Microbiologyopen. 2017 Aug;6(4). doi: 10.1002/mbo3.481. Epub 2017 Apr 27.
Sporulation in Bacillus subtilis is induced upon starvation. In a widely accepted model, an N-terminal "sensor" domain of the major sporulation kinase KinA recognizes a hypothetical starvation signal(s) and autophosphorylates a histidine residue to activate the master regulator Spo0A via a multicomponent phosphorelay. However, to date no confirmed signal has been found. Here, we demonstrated that PAS-A, the most N-terminal of the three PAS domains (PAS-ABC), is dispensable for the activity, contrary to a previous report. Our data indicated that the autokinase activity is dependent on the formation of a functional tetramer, which is mediated by, at least, PAS-B and PAS-C. Additionally, we ruled out the previously proposed notion that NAD /NADH ratio controls KinA activity through the PAS-A domain by demonstrating that the cofactors show no effects on the kinase activity in vitro. In support of these data, we found that the cofactors exist in approximately 1000-fold excess of KinA in the cell and the cofactors' ratio does not change significantly during growth and sporulation, suggesting that changes in the cofactor ratio might not play a role in controlling KinA activity. These data may refute the widely-held belief that the activity of KinA is regulated in response to an unknown starvation signal(s).

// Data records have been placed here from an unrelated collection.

lemma good_of_nat_collision:
  fixes z :: "'a::field"
  assumes char: "CHAR('a) = 2" and cop: "coprime p1 p2" "p1 \<noteq> 0" "p2 \<noteq> 0"
    and prim: "primitive_root_of_unity z (p1 ^ a1 * p2 ^ a2)"
    and col: "nat_collision z p1 a1 p2 a2 a b"
  shows "good z p1 a1 p2 a2"
proof -
  define u where "u = z ^ canon_elem p1 a1 p2 a2 1 0"
  define v where "v = z ^ canon_elem p1 a1 p2 a2 0 1"
  note pow10_eq_iff = power_canon_elem_1_0_eq_iff[OF cop prim]
  note pow01_eq_iff = power_canon_elem_0_1_eq_iff[OF cop prim]
  have not_dvd: "\<not> p1 ^ a1 dvd a" "\<not> p2 ^ a2 dvd a" "\<not> p1 ^ a1 dvd b" "\<not> p2 ^ a2 dvd b"
    and not_cong: "\<not> [a = b] (mod p1 ^ a1 * p2 ^ a2)"
    and eq: "cross_eq (u ^ a) (v ^ a) (u ^ b) (v ^ b)"
    using col unfolding nat_collision_def Let_def u_def v_def by (simp_all add: power_mult)
  have ne_1: "v ^ a \<noteq> 1" "u ^ b \<noteq> 1"
    using not_dvd pow10_eq_iff[of _ 0] pow01_eq_iff[of _ 0]
    unfolding u_def v_def by (simp_all add: power_mult cong_0_iff)
  have "u ^ a \<noteq> u ^ b \<or> v ^ a \<noteq> v ^ b"
    using not_cong pow10_eq_iff pow01_eq_iff cong_mult_modulus_iff_nat[of "p1 ^ a1" "p2 ^ a2"] cop
    unfolding u_def v_def by (simp add: power_mult)
  moreover have "u ^ a \<noteq> 0"
    using primitive_root_of_unity_nonzero[OF prim] unfolding u_def by simp
  ultimately obtain k0 k1 k2 where k:
    "k0 + k1 * u ^ a + k2 * u ^ b = 0" "k0 + k1 * v ^ a + k2 * v ^ b = 0"
    "k0 + k1 * (u ^ a * v ^ a) + k2 * (u ^ b * v ^ b) = 0" "k0 + k1 + k2 = 1"
    using three_term_relation[OF char _ ne_1 _ eq] by blast
  define P where "P = [:k0:] + monom k1 a + monom k2 b"
  have poly_P: "poly P w = k0 + k1 * w ^ a + k2 * w ^ b" for w
    unfolding P_def by (simp add: poly_monom)
  have "p1 ^ a1 \<noteq> 1" "p1 ^ a1 \<noteq> 0"
    using not_dvd(1) cop(2) by (metis one_dvd, simp)
  then have "1 < p1 ^ a1"
    by linarith
  moreover have "p1 ^ a1 \<le> p1 ^ a1 * p2 ^ a2"
    using cop(3) by simp
  ultimately have "1 < p1 ^ a1 * p2 ^ a2"
    by linarith
  moreover have "u * v = z"
    unfolding u_def v_def by (rule power_canon_elem_1_0_mult_0_1[OF cop prim])
  then have "poly P u = 0" "poly P v = 0" "poly P z = 0" "poly P 1 = 1"
    using k by (simp_all add: poly_P flip: power_mult_distrib)
  moreover have "num_monomials P < 4"
    unfolding P_def by (rule num_monomials_three_terms)
  ultimately show ?thesis
    unfolding u_def v_def by (intro goodI[OF cop])
qed
lemma diag_mat_cong: "(\<And>w. w \<in> words n m \<Longrightarrow> f w = g w) \<Longrightarrow> diag_mat n m f = diag_mat n m g"
  by (auto simp: diag_mat_def fun_eq_iff)

lemma mat_mult_diag_mat:
  "mat_mult n m B (diag_mat n m f) u w = (if w \<in> words n m then B u w * f w else 0)"
  by (simp add: mat_mult_def diag_mat_def finite_words if_distrib[of "(*) _"] cong: if_cong)

lemma diag_mat_mult: "mat_mult n m (diag_mat n m f) (diag_mat n m g) = diag_mat n m (\<lambda>w. f w * g w)"
  by (auto simp: fun_eq_iff mat_mult_diag_mat) (auto simp: diag_mat_def)

lemma diag_mat_lin_mem:
  assumes "diag_mat n m f \<in> subalg n m G" "diag_mat n m g \<in> subalg n m G"
  shows "diag_mat n m (\<lambda>w. r * f w + s * g w) \<in> subalg n m G"
proof -
  have "diag_mat n m (\<lambda>w. r * f w + s * g w) = (\<lambda>u w. r * diag_mat n m f u w + s * diag_mat n m g u w)"
    by (auto simp: diag_mat_def fun_eq_iff)
  with assms show ?thesis by (simp add: subalg.add subalg.smult)
qed

lemma diag_mat_smult_mem:
  assumes "diag_mat n m f \<in> subalg n m G"
  shows "diag_mat n m (\<lambda>w. r * f w) \<in> subalg n m G"
proof -
  have "diag_mat n m (\<lambda>w. r * f w) = (\<lambda>u w. r * diag_mat n m f u w)"
    by (auto simp: diag_mat_def fun_eq_iff)
  with assms show ?thesis by (simp add: subalg.smult)
qed

lemma diag_mat_mult_mem:
  "diag_mat n m f \<in> subalg n m G \<Longrightarrow> diag_mat n m g \<in> subalg n m G \<Longrightarrow> diag_mat n m (\<lambda>w. f w * g w) \<in> subalg n m G"
  using subalg.mult diag_mat_mult by metis

lemma diag_mat_prod_mem:
  "finite J \<Longrightarrow> (\<And>j. j \<in> J \<Longrightarrow> diag_mat n m (f j) \<in> subalg n m G)
    \<Longrightarrow> diag_mat n m (\<lambda>w. \<Prod>j\<in>J. f j w) \<in> subalg n m G"
  by (induction J rule: finite_induct) (simp_all add: diag_mat_one subalg.one diag_mat_mult_mem)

枯草芽孢杆菌在饥饿时会诱导形成芽孢。在一个被广泛接受的模型中,主要芽孢形成激酶KinA的N端“传感器”结构域识别一个假设的饥饿信号,并使一个组氨酸残基自磷酸化,通过多组分磷酸传递来激活主调控因子Spo0A。然而,迄今为止尚未发现已确认的信号。在此,我们证明,与之前的报道相反,三个PAS结构域(PAS-ABC)中最N端的PAS-A对于该活性是可有可无的。我们的数据表明,自激酶活性依赖于功能性四聚体的形成,这至少由PAS-B和PAS-C介导。此外,我们通过证明这些辅因子在体外对激酶活性没有影响,排除了之前提出的NAD /NADH比值通过PAS-A结构域控制KinA活性的观点。为支持这些数据,我们发现细胞中辅因子的存在量比KinA大约多出1000倍,并且在生长和芽孢形成过程中辅因子的比例没有显著变化,这表明辅因子比例的变化可能在控制KinA活性中不起作用。这些数据可能会反驳一种广泛持有的观点,即KinA的活性是响应未知的饥饿信号而受到调节的。